Why? What would be the reason to transfer to the HD in
your DVD writer?
>>> And if yes, would there be any quality compromises,
>>> since I would transfer from a tape onto a hard drive?
>>>
>>> This recorder has a DV terminal IEEE1394.
Transferring from tape to hard drive normally involves NO
quality compromises if you are transfering DV via Firewire
into an AVI (or MOV, etc.) file. Every one and zero gets
transferred straight across without change.
HOWEVER, I strongly suspect that video (whether analog,
or digital) gets encoded into MPEG for storage on the hard
drive. It is this real-time, one-pass transcoding from DV to
MPEG that likely causes significant compression.
>> Not until you burn it to DVD, then the usual compression
>> issues apply. But, we've grown used to DVD quality, right?
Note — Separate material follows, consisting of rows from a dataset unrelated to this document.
(* Consider the constrained nonlinear system $x(k+1)=f(x(k),u(k))$ with $f(0,0)=0$, input constraint $u\in\mathcal{U}=\{u=[u_1,\dots,u_m]^T\in\mathbb{R}^m:|u_i|\le\bar u_i,\ i=1,\dots,m\}$ and state constraint $x\in\mathcal{X}$ with $0\in\mathcal{X}$. For a horizon $N\ge 1$ and a stage cost $l$, let $$J(x(k),U(k|k))=\sum_{i=0}^{N-1} l\big(x(k+i+1|k),u(k+i|k)\big),$$ where $U(k|k)=[u(k|k)^T,\dots,u(k+N-1|k)^T]^T$, $x(k|k)=x(k)$ and $x(k+i+1|k)=f(x(k+i|k),u(k+i|k))$, and let $J^*(x(k))=\min J(x(k),U(k|k))$ over $u(k+i|k)\in\mathcal{U}$ subject to the dynamics and $x(k+i+1|k)\in\mathcal{X}$, $i=0,\dots,N-1$, with optimal control sequence $u^*(k|k),\dots,u^*(k+N-1|k)$ and optimal predicted states $x^*(k+1|k),\dots,x^*(k+N|k)$. The MPC law applies $u(k)=u^*(k|k)$. Assume there exist $\alpha_1,\alpha_2\in\mathcal{K}_\infty$ with $\alpha_1(\|x\|)\le J^*(x)\le\alpha_2(\|x\|)$ for all $x\in\mathcal{X}$. Suppose the optimisation problem is feasible at the initial state $x(0)=x_0$ and that (at each time $k$ at which it is solved) there exists a control $u(k+N|k)\in\mathcal{U}$ such that $x(k+N+1|k)=f(x^*(k+N|k),u(k+N|k))\in\mathcal{X}$ and $$l\big(x(k+N+1|k),u(k+N|k)\big)-l\big(x^*(k+1|k),u^*(k|k)\big)\le 0.$$ Then (1) the optimisation problem is recursively feasible, and (2) the closed-loop system under this MPC algorithm is stable.
   Context: A function $\phi:\mathbb{R}_+\to\mathbb{R}_+$ is of class $\mathcal{K}$ if it is continuous, strictly increasing and $\phi(0)=0$; it is of class $\mathcal{K}_\infty$ if in addition it is radially unbounded. Stability refers to stability of the origin of the closed-loop system $x(k+1)=f(x(k),u^*(k|k))$. *)

theory Defs
  imports "HOL-Analysis.Analysis"
begin

definition classK :: "(real \<Rightarrow> real) \<Rightarrow> bool" where
  "classK \<phi> \<longleftrightarrow> continuous_on {0..} \<phi> \<and> strict_mono_on {0..} \<phi> \<and> \<phi> 0 = 0"

definition classKinf :: "(real \<Rightarrow> real) \<Rightarrow> bool" where
  "classKinf \<phi> \<longleftrightarrow> classK \<phi> \<and> filterlim \<phi> at_top at_top"

definition input_set :: "real^'m \<Rightarrow> (real^'m) set" where
  "input_set ubar = {u. \<forall>i. \<bar>u $ i\<bar> \<le> ubar $ i}"

fun pred :: "('x \<Rightarrow> 'u \<Rightarrow> 'x) \<Rightarrow> 'x \<Rightarrow> (nat \<Rightarrow> 'u) \<Rightarrow> nat \<Rightarrow> 'x" where
  "pred f x us 0 = x"
| "pred f x us (Suc i) = f (pred f x us i) (us i)"

definition cost :: "('x \<Rightarrow> 'u \<Rightarrow> 'x) \<Rightarrow> ('x \<Rightarrow> 'u \<Rightarrow> real) \<Rightarrow> nat \<Rightarrow> 'x \<Rightarrow> (nat \<Rightarrow> 'u) \<Rightarrow> real" where
  "cost f l N x us = (\<Sum>i<N. l (pred f x us (Suc i)) (us i))"

definition feasible_seq :: "('x \<Rightarrow> 'u \<Rightarrow> 'x) \<Rightarrow> 'u set \<Rightarrow> 'x set \<Rightarrow> nat \<Rightarrow> 'x \<Rightarrow> (nat \<Rightarrow> 'u) \<Rightarrow> bool" where
  "feasible_seq f U X N x us \<longleftrightarrow> (\<forall>i<N. us i \<in> U \<and> pred f x us (Suc i) \<in> X)"

definition feasible :: "('x \<Rightarrow> 'u \<Rightarrow> 'x) \<Rightarrow> 'u set \<Rightarrow> 'x set \<Rightarrow> nat \<Rightarrow> 'x \<Rightarrow> bool" where
  "feasible f U X N x \<longleftrightarrow> (\<exists>us. feasible_seq f U X N x us)"

definition Jstar :: "('x \<Rightarrow> 'u \<Rightarrow> 'x) \<Rightarrow> ('x \<Rightarrow> 'u \<Rightarrow> real) \<Rightarrow> 'u set \<Rightarrow> 'x set \<Rightarrow> nat \<Rightarrow> 'x \<Rightarrow> real" where
  "Jstar f l U X N x = Inf {cost f l N x us | us. feasible_seq f U X N x us}"

definition is_optimizer :: "('x \<Rightarrow> 'u \<Rightarrow> 'x) \<Rightarrow> ('x \<Rightarrow> 'u \<Rightarrow> real) \<Rightarrow> 'u set \<Rightarrow> 'x set \<Rightarrow> nat \<Rightarrow> ('x \<Rightarrow> nat \<Rightarrow> 'u) \<Rightarrow> bool" where
  "is_optimizer f l U X N opt \<longleftrightarrow>
     (\<forall>x. feasible f U X N x \<longrightarrow> feasible_seq f U X N x (opt x) \<and>
        (\<forall>us. feasible_seq f U X N x us \<longrightarrow> cost f l N x (opt x) \<le> cost f l N x us))"

fun closed_loop :: "('x \<Rightarrow> 'u \<Rightarrow> 'x) \<Rightarrow> ('x \<Rightarrow> nat \<Rightarrow> 'u) \<Rightarrow> 'x \<Rightarrow> nat \<Rightarrow> 'x" where
  "closed_loop f opt x0 0 = x0"
| "closed_loop f opt x0 (Suc k) = f (closed_loop f opt x0 k) (opt (closed_loop f opt x0 k) 0)"

definition terminal_cond :: "('x \<Rightarrow> 'u \<Rightarrow> 'x) \<Rightarrow> ('x \<Rightarrow> 'u \<Rightarrow> real) \<Rightarrow> 'u set \<Rightarrow> 'x set \<Rightarrow> nat \<Rightarrow> ('x \<Rightarrow> nat \<Rightarrow> 'u) \<Rightarrow> 'x \<Rightarrow> bool" where
  "terminal_cond f l U X N opt x \<longleftrightarrow>
     (\<exists>v\<in>U. f (pred f x (opt x) N) v \<in> X \<and>
        l (f (pred f x (opt x) N) v) v - l (pred f x (opt x) 1) (opt x 0) \<le> 0)"

definition admissible_init where
  "admissible_init f l U X N opt x0 \<longleftrightarrow> x0 \<in> X \<and> feasible f U X N x0 \<and>
     (\<forall>k. feasible f U X N (closed_loop f opt x0 k) \<longrightarrow>
          terminal_cond f l U X N opt (closed_loop f opt x0 k))"

end

theory Submission
  imports Defs
begin

text \<open>If \<open>u\<^sup>*(k|k), \<dots>, u\<^sup>*(k+N-1|k)\<close> is optimal at \<open>x(k)\<close>, then the shifted sequence
  \<open>u\<^sup>*(k+1|k), \<dots>, u\<^sup>*(k+N-1|k), u(k+N|k)\<close> is feasible at \<open>x(k+1)\<close>, and its cost differs
  from \<open>J\<^sup>*(x(k))\<close> by exactly the left-hand side of the terminal condition. Hence the problem stays
  feasible and \<open>J\<^sup>*\<close> is nonincreasing along the closed loop; squeezed between \<open>\<alpha>\<^sub>1(\<parallel>x\<parallel>)\<close> and
  \<open>\<alpha>\<^sub>2(\<parallel>x\<parallel>)\<close>, it is a Lyapunov function.\<close>

lemma pred_cong:
  assumes "\<And>j. j < i \<Longrightarrow> us j = vs j"
  shows "pred f x us i = pred f x vs i"
  using assms by (induction i) auto

lemma pred_shift: "pred f (f x (us 0)) (\<lambda>i. us (Suc i)) i = pred f x us (Suc i)"
  by (induction i) auto

definition shift_extend :: "(nat \<Rightarrow> 'u) \<Rightarrow> nat \<Rightarrow> 'u \<Rightarrow> nat \<Rightarrow> 'u" where
  "shift_extend us M v = (\<lambda>i. if i < M then us (Suc i) else v)"

lemma shift_extend_less: "i < M \<Longrightarrow> shift_extend us M v i = us (Suc i)"
  and shift_extend_last: "shift_extend us M v M = v"
  by (simp_all add: shift_extend_def)

lemma pred_shift_extend:
  assumes "i \<le> M"
  shows "pred f (f x (us 0)) (shift_extend us M v) i = pred f x us (Suc i)"
proof -
  have "pred f (f x (us 0)) (shift_extend us M v) i = pred f (f x (us 0)) (\<lambda>i. us (Suc i)) i"
    using assms by (intro pred_cong) (simp add: shift_extend_def)
  then show ?thesis by (simp add: pred_shift)
qed

lemma pred_shift_extend_last:
  "pred f (f x (us 0)) (shift_extend us M v) (Suc M) = f (pred f x us (Suc M)) v"
  by (simp only: pred.simps(2) pred_shift_extend[of M M] order_refl shift_extend_last)

lemma feasible_seq_shift_extend:
  assumes fs: "feasible_seq f U X (Suc M) x us"
    and v: "v \<in> U" "f (pred f x us (Suc M)) v \<in> X"
  shows "feasible_seq f U X (Suc M) (f x (us 0)) (shift_extend us M v)"
  unfolding feasible_seq_def
proof (intro allI impI)
  fix i assume "i < Suc M"
  then consider "i < M" | "i = M" by linarith
  then show "shift_extend us M v i \<in> U \<and> pred f (f x (us 0)) (shift_extend us M v) (Suc i) \<in> X"
  proof cases
    case 1
    then have "pred f (f x (us 0)) (shift_extend us M v) (Suc i) = pred f x us (Suc (Suc i))"
      by (simp add: pred_shift_extend del: pred.simps)
    then show ?thesis
      using fs \<open>i < M\<close> unfolding feasible_seq_def by (auto simp: shift_extend_less)
  next
    case 2
    then show ?thesis using v by (simp only: pred_shift_extend_last shift_extend_last)
  qed
qed

lemma cost_shift_extend:
  "cost f l (Suc M) (f x (us 0)) (shift_extend us M v) =
     cost f l (Suc M) x us - l (pred f x us 1) (us 0) + l (f (pred f x us (Suc M)) v) v"
proof -
  let ?tail = "\<Sum>i<M. l (pred f x us (Suc (Suc i))) (us (Suc i))"
  have "(\<Sum>i<M. l (pred f (f x (us 0)) (shift_extend us M v) (Suc i)) (shift_extend us M v i)) = ?tail"
    by (intro sum.cong) (simp_all add: pred_shift_extend shift_extend_less del: pred.simps)
  then have "cost f l (Suc M) (f x (us 0)) (shift_extend us M v) = ?tail + l (f (pred f x us (Suc M)) v) v"
    unfolding cost_def sum.lessThan_Suc pred_shift_extend_last by (simp only: shift_extend_last)
  moreover have "cost f l (Suc M) x us = l (pred f x us 1) (us 0) + ?tail"
    unfolding cost_def by (subst sum.lessThan_Suc_shift) simp
  ultimately show ?thesis by simp
qed

lemma Jstar_eq_cost_optimizer:
  assumes "is_optimizer f l U X N opt" "feasible f U X N x"
  shows "Jstar f l U X N x = cost f l N x (opt x)"
  unfolding Jstar_def
  by (rule cInf_eq_minimum) (use assms in \<open>auto simp: is_optimizer_def\<close>)

lemma mpc_step:
  assumes opt: "is_optimizer f l U X (Suc M) opt" and fe: "feasible f U X (Suc M) x"
    and tc: "terminal_cond f l U X (Suc M) opt x"
  shows "f x (opt x 0) \<in> X"
    and "feasible f U X (Suc M) (f x (opt x 0))"
    and "Jstar f l U X (Suc M) (f x (opt x 0)) \<le> Jstar f l U X (Suc M) x"
proof -
  let ?x' = "f x (opt x 0)"
  have fs: "feasible_seq f U X (Suc M) x (opt x)"
    using opt fe unfolding is_optimizer_def by auto
  then show "?x' \<in> X" unfolding feasible_seq_def by auto
  obtain v where v: "v \<in> U" "f (pred f x (opt x) (Suc M)) v \<in> X"
    and decrease: "l (f (pred f x (opt x) (Suc M)) v) v - l (pred f x (opt x) 1) (opt x 0) \<le> 0"
    using tc unfolding terminal_cond_def by auto
  let ?us = "shift_extend (opt x) M v"
  have fs': "feasible_seq f U X (Suc M) ?x' ?us"
    using feasible_seq_shift_extend[OF fs v] .
  then show fe': "feasible f U X (Suc M) ?x'" unfolding feasible_def by blast
  have "Jstar f l U X (Suc M) ?x' = cost f l (Suc M) ?x' (opt ?x')"
    using Jstar_eq_cost_optimizer[OF opt fe'] .
  also have "\<dots> \<le> cost f l (Suc M) ?x' ?us"
    using opt fe' fs' unfolding is_optimizer_def by auto
  also have "\<dots> \<le> cost f l (Suc M) x (opt x)"
    using decrease by (simp add: cost_shift_extend)
  also have "\<dots> = Jstar f l U X (Suc M) x"
    using Jstar_eq_cost_optimizer[OF opt fe] by simp
  finally show "Jstar f l U X (Suc M) ?x' \<le> Jstar f l U X (Suc M) x" .
qed

lemma closed_loop_invariant:
  assumes opt: "is_optimizer f l U X (Suc M) opt"
    and init: "admissible_init f l U X (Suc M) opt y0"
  shows "closed_loop f opt y0 k \<in> X \<and> feasible f U X (Suc M) (closed_loop f opt y0 k) \<and>
         Jstar f l U X (Suc M) (closed_loop f opt y0 k) \<le> Jstar f l U X (Suc M) y0"
proof (induction k)
  case 0
  then show ?case using init unfolding admissible_init_def by auto
next
  case (Suc k)
  then have "terminal_cond f l U X (Suc M) opt (closed_loop f opt y0 k)"
    using init unfolding admissible_init_def by auto
  with Suc show ?case using mpc_step[OF opt] by (auto intro: order_trans)
qed

lemma classK_less_iff:
  assumes "classK \<alpha>" "0 \<le> s" "0 \<le> t"
  shows "\<alpha> s < \<alpha> t \<longleftrightarrow> s < t"
  using assms strict_mono_on_less[of "{0..}" \<alpha> s t] unfolding classK_def by auto

lemma classK_small_near_zero:
  assumes "classK \<alpha>" "0 < c"
  obtains \<delta> where "0 < \<delta>" "\<And>s. 0 \<le> s \<Longrightarrow> s < \<delta> \<Longrightarrow> \<alpha> s < c"
proof -
  have "continuous_on {0..} \<alpha>" "\<alpha> 0 = 0"
    using assms(1) unfolding classK_def by auto
  with assms(2) obtain \<delta> where "0 < \<delta>" "\<And>s. 0 \<le> s \<Longrightarrow> dist s 0 < \<delta> \<Longrightarrow> dist (\<alpha> s) 0 < c"
    unfolding continuous_on_iff by (metis atLeast_iff order_refl)
  then show ?thesis using that by fastforce
qed

lemma nonincreasing_Lyapunov_stable:
  fixes V :: "'a::real_normed_vector \<Rightarrow> real"
  assumes K1: "classK \<alpha>1" and K2: "classK \<alpha>2" and "0 < \<epsilon>"
  obtains \<delta> where "0 < \<delta>"
    "\<And>x y. norm y < \<delta> \<Longrightarrow> \<alpha>1 (norm x) \<le> V x \<Longrightarrow> V x \<le> V y \<Longrightarrow> V y \<le> \<alpha>2 (norm y) \<Longrightarrow>
       norm x < \<epsilon>"
proof -
  have "\<alpha>1 0 < \<alpha>1 \<epsilon>" using classK_less_iff[OF K1] \<open>0 < \<epsilon>\<close> by simp
  then have "0 < \<alpha>1 \<epsilon>" using K1 unfolding classK_def by simp
  then obtain \<delta> where "0 < \<delta>" and small: "\<And>s. 0 \<le> s \<Longrightarrow> s < \<delta> \<Longrightarrow> \<alpha>2 s < \<alpha>1 \<epsilon>"
    using classK_small_near_zero[OF K2] by blast
  moreover have "norm x < \<epsilon>"
    if "norm y < \<delta>" "\<alpha>1 (norm x) \<le> V x" "V x \<le> V y" "V y \<le> \<alpha>2 (norm y)" for x y
  proof -
    have "\<alpha>1 (norm x) < \<alpha>1 \<epsilon>" using that small[of "norm y"] by simp
    then show ?thesis using classK_less_iff[OF K1] \<open>0 < \<epsilon>\<close> by simp
  qed
  ultimately show ?thesis using that by blast
qed

theorem theorem4:
  fixes f :: "real^'n \<Rightarrow> real^'m \<Rightarrow> real^'n"
    and l :: "real^'n \<Rightarrow> real^'m \<Rightarrow> real"
    and ubar :: "real^'m"
    and X :: "(real^'n) set"
    and N :: nat
    and opt :: "real^'n \<Rightarrow> nat \<Rightarrow> real^'m"
    and \<alpha>1 \<alpha>2 :: "real \<Rightarrow> real"
    and x0 :: "real^'n"
  assumes f0: "f 0 0 = 0"
    and X0: "0 \<in> X"
    and N1: "N \<ge> 1"
    and opt: "is_optimizer f l (input_set ubar) X N opt"
    and K1: "classKinf \<alpha>1" and K2: "classKinf \<alpha>2"
    and bounds: "\<forall>x\<in>X. feasible f (input_set ubar) X N x \<longrightarrow>
        \<alpha>1 (norm x) \<le> Jstar f l (input_set ubar) X N x \<and>
        Jstar f l (input_set ubar) X N x \<le> \<alpha>2 (norm x)"
    and init: "admissible_init f l (input_set ubar) X N opt x0"
  shows "(\<forall>k. feasible f (input_set ubar) X N (closed_loop f opt x0 k)) \<and>
         (\<forall>\<epsilon>>0. \<exists>\<delta>>0. \<forall>y0. admissible_init f l (input_set ubar) X N opt y0 \<and> norm y0 < \<delta> \<longrightarrow>
             (\<forall>k. norm (closed_loop f opt y0 k) < \<epsilon>))"
proof -
  txt \<open>Stability here is local.\<close>
  obtain M where M: "N = Suc M" using N1 by (cases N) auto
  note invariant = closed_loop_invariant[OF opt[unfolded M], folded M]
  have "\<exists>\<delta>>0. \<forall>y0. admissible_init f l (input_set ubar) X N opt y0 \<and> norm y0 < \<delta> \<longrightarrow>
          (\<forall>k. norm (closed_loop f opt y0 k) < \<epsilon>)" if "0 < \<epsilon>" for \<epsilon>
  proof -
    have "classK \<alpha>1" "classK \<alpha>2" using K1 K2 unfolding classKinf_def by auto
    then obtain \<delta> where "0 < \<delta>" and stable: "\<And>x y. norm y < \<delta> \<Longrightarrow>
        \<alpha>1 (norm x) \<le> Jstar f l (input_set ubar) X N x \<Longrightarrow>
        Jstar f l (input_set ubar) X N x \<le> Jstar f l (input_set ubar) X N y \<Longrightarrow>
        Jstar f l (input_set ubar) X N y \<le> \<alpha>2 (norm y) \<Longrightarrow> norm x < \<epsilon>"
      using nonincreasing_Lyapunov_stable \<open>0 < \<epsilon>\<close> by blast
    have "norm (closed_loop f opt y0 k) < \<epsilon>"
      if "admissible_init f l (input_set ubar) X N opt y0" "norm y0 < \<delta>" for y0 k
      using stable[OF \<open>norm y0 < \<delta>\<close>] bounds invariant[OF that(1), of k] invariant[OF that(1), of 0]
      by simp
    with \<open>0 < \<delta>\<close> show ?thesis by blast
  qed
  then show ?thesis using invariant[OF init] by blast
qed

end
I don't believe that is the case. I suspect that the video was
compressed to MPEG (DVD) before it was written to the hard
drive.
"John" wrote ...
> Isn't ALL consumer digital video and most professional video
> compressed?
Yes, of course it its. 99% of the people who have ever seen
a TV screen have NEVER seen uncompressed video. Including
virtually everyone who reads this newsgroup. You would be
simply amazed at what uncompressed RGB video is capable
of. Simply encoding to NTSC involves significant compression
of the color information, and recording to DV subjects it to a
bit more "compression".
Further compression to MPEG for DVDs causes even more
visible, irretrievable loss. And it is even worse for the "on-the-fly",
one-pass kind of MPEG compression we see in consumer
equipment (vs. the hand-tuned and budgeted, 2-pass
compression they use to make commercial DVD releases
of Hollywood movies, etc.)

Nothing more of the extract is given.